(* Let $d=(d_1,\dots,d_n)$ be a degree sequence with complementary sequence $\overline d$, and let $k\in\{1,\dots,m(d)\}$. Suppose that no nonzero entry in row $k+1$ of $M(d)$ lies in the same column as a nonzero entry in row $k$ (this condition is vacuous if $k=n$), and suppose that the first $k$ rows of $M(d)$ contain at least one nonzero entry. If the leftmost nonzero entry among the first $k$ rows of $M(d)$ lies in column $j$, then $\Delta_{n+1-j}(\overline d)=\Delta_k(d)$ (and $1\le n+1-j\le m(\overline d)$).
   Context: Degree sequences $d=(d_1,\dots,d_n)$ (of finite simple graphs, terms may be $0$) are listed in nonincreasing order; $\overline d=(n-1-d_n,\dots,n-1-d_1)$ is the complementary sequence. $m(d)=\max\{i : d_i\ge i-1\}$. For integers $k\ge 0$, $\Delta_k(d)=k(k-1)+\sum_{i>k}\min\{k,d_i\}-\sum_{i\le k}d_i$. The corrected Ferrers diagram $F(d)$ is the $n\times n$ matrix whose diagonal entries are $0$ and in which, for each $i$, the first $d_i$ off-diagonal entries of row $i$ (reading left to right, skipping the diagonal position) are $1$ and all other entries are $0$. The difference matrix is $M(d)=F(d)^T-F(d)$. *)

theory Defs
  imports Main
begin

text \<open>A sequence d = (d_1,...,d_n) is a nat list; entry d_i (1-based) is  d ! (i - 1).\<close>

definition ent :: "nat list \<Rightarrow> nat \<Rightarrow> nat" where
  "ent d i = d ! (i - 1)"

definition degree_sequence :: "nat list \<Rightarrow> bool" where
  "degree_sequence d \<longleftrightarrow>
     sorted_wrt (\<ge>) d \<and>
     (\<exists>E :: nat \<Rightarrow> nat \<Rightarrow> bool.
        (\<forall>u v. E u v \<longrightarrow> u \<in> {1..length d} \<and> v \<in> {1..length d}) \<and>
        (\<forall>u v. E u v \<longleftrightarrow> E v u) \<and> (\<forall>u. \<not> E u u) \<and>
        (\<forall>i \<in> {1..length d}. card {j. E i j} = ent d i))"

definition comp_seq :: "nat list \<Rightarrow> nat list" where
  "comp_seq d = map (\<lambda>x. length d - 1 - x) (rev d)"

definition mval :: "nat list \<Rightarrow> nat" where
  "mval d = Max (insert 0 {i \<in> {1..length d}. ent d i \<ge> i - 1})"

definition Delta :: "nat \<Rightarrow> nat list \<Rightarrow> int" where
  "Delta k d = int (k * (k - 1)) + (\<Sum>i\<in>{k<..length d}. int (min k (ent d i)))
               - (\<Sum>i\<in>{1..k}. int (ent d i))"

text \<open>Corrected Ferrers diagram, 1-based indices i,j in {1..n}: in row i, the off-diagonal
  position j is the (j)-th off-diagonal position if j < i and the (j-1)-th if j > i.\<close>
definition ferrers :: "nat list \<Rightarrow> nat \<Rightarrow> nat \<Rightarrow> int" where
  "ferrers d i j = (if i \<in> {1..length d} \<and> j \<in> {1..length d} \<and> j \<noteq> i \<and>
                       (if j < i then j else j - 1) \<le> ent d i then 1 else 0)"

definition diffM :: "nat list \<Rightarrow> nat \<Rightarrow> nat \<Rightarrow> int" where
  "diffM d i j = ferrers d j i - ferrers d i j"

end

theory Submission
  imports Defs
begin

text \<open>For k \<le> m(d) the leading k \<times> k block of F(d) is full off the diagonal, so \<Delta>_k(d) is the sum
  of the first k rows of M(d). Since M(d-bar) is M(d) reflected in the anti-diagonal,
  \<Delta>_{n+1-j}(d-bar) is the sum of the columns j..n of M(d). As j is the leftmost nonzero column
  of the first k rows, it remains to see that rows k+1..n vanish in the columns j..n; this follows
  from d_j \<le> k and d_{k+1} + 1 < j, which the disjointness of the supports of rows k and k+1
  forces.\<close>

lemma ferrers_eq_of_bool:
  "ferrers d i c = of_bool (1 \<le> i \<and> i \<le> length d \<and> 1 \<le> c \<and> c \<le> length d \<and>
     (c < i \<and> c \<le> ent d i \<or> i < c \<and> c \<le> ent d i + 1))"
  unfolding ferrers_def by auto

lemma diffM_diag [simp]: "diffM d i i = 0"
  unfolding diffM_def by simp

lemma diffM_above_diag:
  assumes "1 \<le> i" "i < c" "c \<le> length d"
  shows "diffM d i c = of_bool (i \<le> ent d c) - of_bool (c \<le> ent d i + 1)"
  unfolding diffM_def ferrers_eq_of_bool using assms by auto

lemma diffM_below_diag:
  assumes "1 \<le> c" "c < i" "i \<le> length d"
  shows "diffM d i c = of_bool (i \<le> ent d c + 1) - of_bool (c \<le> ent d i)"
  unfolding diffM_def ferrers_eq_of_bool using assms by auto

definition bounded_nonincreasing :: "nat list \<Rightarrow> bool" where
  "bounded_nonincreasing d \<longleftrightarrow>
     (\<forall>a b. 1 \<le> a \<longrightarrow> a \<le> b \<longrightarrow> b \<le> length d \<longrightarrow> ent d b \<le> ent d a) \<and>
     (\<forall>i. 1 \<le> i \<longrightarrow> i \<le> length d \<longrightarrow> ent d i \<le> length d - 1)"

lemma bounded_nonincreasing_antimono:
  "bounded_nonincreasing d \<Longrightarrow> 1 \<le> a \<Longrightarrow> a \<le> b \<Longrightarrow> b \<le> length d \<Longrightarrow> ent d b \<le> ent d a"
  unfolding bounded_nonincreasing_def by blast

lemma bounded_nonincreasing_bound:
  "bounded_nonincreasing d \<Longrightarrow> 1 \<le> i \<Longrightarrow> i \<le> length d \<Longrightarrow> ent d i \<le> length d - 1"
  unfolding bounded_nonincreasing_def by blast
lemma length_le_card_set_mult:
  assumes "\<And>i. i \<in> set xs \<Longrightarrow> card (occurrences xs i) \<le> M"
  shows "length xs \<le> card (set xs) * M"
proof -
  have "{..<length xs} = (\<Union>i\<in>set xs. occurrences xs i)"
    unfolding occurrences_def by (auto simp: nth_mem)
  then have "length xs = card (\<Union>i\<in>set xs. occurrences xs i)"
    by (metis card_lessThan)
  also have "\<dots> \<le> (\<Sum>i\<in>set xs. card (occurrences xs i))"
    by (rule card_UN_le) simp
  also have "\<dots> \<le> (\<Sum>i\<in>set xs. M)"
    by (rule sum_mono) (rule assms)
  finally show ?thesis
    by simp
qed

text \<open>If \<open>d + M \<le> 2s - 1\<close> for \<open>s = k - t\<close>, then by AM-GM \<open>4dM \<le> (2s - 1)\<^sup>2\<close>, so
  \<open>k \<le> dM \<le> s(s - 1) \<le> t < k\<close>.\<close>
lemma twice_le_of_le_mult:
  fixes d M k t :: nat
  assumes "k \<le> d * M" "(k - t) * (k - t - 1) \<le> t"
  shows "2 * k \<le> 2 * t + d + M"
proof (rule ccontr)
  assume contra: "\<not> 2 * k \<le> 2 * t + d + M"
  define s where "s = k - t"
  have s: "k = t + s" "1 \<le> s" "d + M + 1 \<le> 2 * s"
    using contra unfolding s_def by arith+
  have "int (s * (s - 1)) \<le> int t"
    using assms(2) unfolding s_def by (simp only: of_nat_le_iff)
  then have "int s * (int s - 1) \<le> int t"
    using s(2) by (simp add: of_nat_diff)
  moreover have "(int d + int M) * (int d + int M) \<le> (2 * int s - 1) * (2 * int s - 1)"
    using s(3) by (intro mult_mono) auto
  moreover have "4 * (int d * int M) \<le> (int d + int M) * (int d + int M)"
    using zero_le_square[of "int d - int M"] by (simp add: algebra_simps)
  moreover have "int k \<le> int d * int M"
    using assms(1) by (metis of_nat_le_iff of_nat_mult)
  ultimately show False
    using s(1,2) by (simp add: algebra_simps)
qed

lemma request_budget:
  assumes "xs \<noteq> []" "(length xs - t) * (length xs - t - 1) \<le> t"
  shows "\<exists>i0\<in>set xs. card (set xs)
           + 2 * card ({..<length xs} - first_occurrences xs - occurrences xs i0)
           + card (occurrences xs i0 - first_occurrences xs) \<le> 2 * t + 1"
proof -
  let ?mult = "\<lambda>i. card (occurrences xs i)"
  have "finite (?mult ` set xs)" "?mult ` set xs \<noteq> {}"
    using assms(1) by simp_all
  then obtain i0 where i0: "i0 \<in> set xs" "?mult i0 = Max (?mult ` set xs)"
    using Max_in by (metis (no_types, lifting) imageE)
  define F where "F = first_occurrences xs"
  define J2 where "J2 = {..<length xs} - F - occurrences xs i0"
  define J3 where "J3 = occurrences xs i0 - F"
  have "length xs \<le> card (set xs) * ?mult i0"
    using i0 by (intro length_le_card_set_mult) simp
  then have "2 * length xs \<le> 2 * t + card (set xs) + ?mult i0"
    using twice_le_of_le_mult assms(2) by blast
  moreover have "?mult i0 \<le> Suc (card J3)"
    unfolding J3_def F_def by (rule card_occurrences_le_Suc_repeats)
  moreover have "length xs = card F + card J2 + card J3"
  proof -
    have "{..<length xs} = F \<union> J2 \<union> J3"
      unfolding F_def J2_def J3_def first_occurrences_def occurrences_def by auto
    moreover have "finite F" "finite J2" "finite J3"
      unfolding F_def J2_def J3_def first_occurrences_def occurrences_def by auto
    moreover have "F \<inter> J2 = {}" "(F \<union> J2) \<inter> J3 = {}"
      unfolding J2_def J3_def by auto
    ultimately show ?thesis
      by (metis card_Un_disjoint card_lessThan finite_Un)
  qed
  moreover have "card F = card (set xs)"
    unfolding F_def by (rule card_first_occurrences)
  ultimately have "card (set xs) + 2 * card J2 + card J3 \<le> 2 * t + 1"
    by linarith
  then show ?thesis
    using i0(1) unfolding J2_def J3_def F_def by blast
qed
lemma is_norm_continuous_on:
  fixes N :: "'a::euclidean_space \<Rightarrow> real"
  assumes "is_norm N"
  shows "continuous_on S N"
proof -
  obtain K where K: "K > 0" "\<And>x. N x \<le> K * norm x" using is_norm_le_norm[OF assms] by blast
  have tri: "\<And>x y. N (x + y) \<le> N x + N y" and sc: "\<And>c x. N (c *\<^sub>R x) = \<bar>c\<bar> * N x"
    using assms unfolding is_norm_def by blast+
  have "K-lipschitz_on UNIV N"
  proof (rule lipschitz_onI)
    fix x y :: 'a
    have "N x \<le> N y + N (x - y)" using tri[of y "x - y"] by simp
    moreover have "N y \<le> N x + N (x - y)" using tri[of x "y - x"] sc[of "-1" "y - x"] by simp
    ultimately show "dist (N x) (N y) \<le> K * dist x y"
      using K(2)[of "x - y"] by (simp add: dist_real_def dist_norm abs_le_iff)
  qed (use K in simp)
  then show ?thesis using lipschitz_on_continuous_on continuous_on_subset by blast
qed
(* Let $\mathcal{X}=\{1,\dots,n\}$, let $\pi$ be a strictly positive probability distribution on $\mathcal{X}$, let $P$ be a $\pi$-reversible transition matrix, let $G$ be the Gibbs kernel induced by some partition of $\mathcal{X}$, and let $A_\alpha=\alpha P+(1-\alpha)G$. Then for every integer $l\geq2$ and every $\alpha\in(0,1)$, $$\|A_\alpha^l-\Pi\|_{F,\pi}^2\leq(1-\alpha\gamma^*(P))^{2(l-1)}\|A_\alpha-\Pi\|_{F,\pi}^2.$$
   Context: $\pi$-reversible means $\pi(x)P(x,y)=\pi(y)P(y,x)$. Gibbs kernel of a partition $\bigsqcup_i\mathcal{O}_i$: $G(x,y)=\pi(y)/\pi(\mathcal{O}(x))$ if $y\in\mathcal{O}(x)$ and $0$ otherwise. $\Pi$ is the matrix with every row equal to $\pi$; $\|M\|_{F,\pi}^2=\operatorname{Tr}(M^*M)$ with $M^*(x,y)=\pi(y)M(y,x)/\pi(x)$. For $\pi$-reversible $P$ with eigenvalues $\lambda_1\ge\dots\ge\lambda_n$, $\gamma^*(P)=1-\max\{|\lambda_2(P)|,|\lambda_n(P)|\}$. *)

theory Defs
  imports "Jordan_Normal_Form.Char_Poly" "HOL-Library.Multiset" "HOL-Library.Disjoint_Sets"
begin

(* State space X = {0..<n} (0-based indices stand for 1..n).
   \<pi> is a vector of dimension n, matrices are n x n real matrices. *)

definition prob_vec :: "nat \<Rightarrow> real vec \<Rightarrow> bool" where
  "prob_vec n \<pi> \<longleftrightarrow> dim_vec \<pi> = n \<and> (\<forall>i<n. \<pi> $ i > 0) \<and> (\<Sum>i<n. \<pi> $ i) = 1"

definition transition_mat :: "nat \<Rightarrow> real mat \<Rightarrow> bool" where
  "transition_mat n P \<longleftrightarrow> P \<in> carrier_mat n n \<and> (\<forall>i<n. \<forall>j<n. P $$ (i,j) \<ge> 0)
     \<and> (\<forall>i<n. (\<Sum>j<n. P $$ (i,j)) = 1)"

* * * *

**Work to complete**
Please provide an exact transcription of each line from the one holding "real vec \<Rightarrow>" through the final line of the data above.

**Response area**
definition prob_vec :: "nat \<Rightarrow> real vec \<Rightarrow> bool" where
  "prob_vec n \<pi> \<longleftrightarrow> dim_vec \<pi> = n \<and> (\<forall>i<n. \<pi> $ i > 0) \<and> (\<Sum>i<n. \<pi> $ i) = 1"

definition transition_mat :: "nat \<Rightarrow> real mat \<Rightarrow> bool" where
  "transition_mat n P \<longleftrightarrow> P \<in> carrier_mat n n \<and> (\<forall>i<n. \<forall>j<n. P $$ (i,j) \<ge> 0)
     \<and> (\<forall>i<n. (\<Sum>j<n. P $$ (i,j)) = 1)"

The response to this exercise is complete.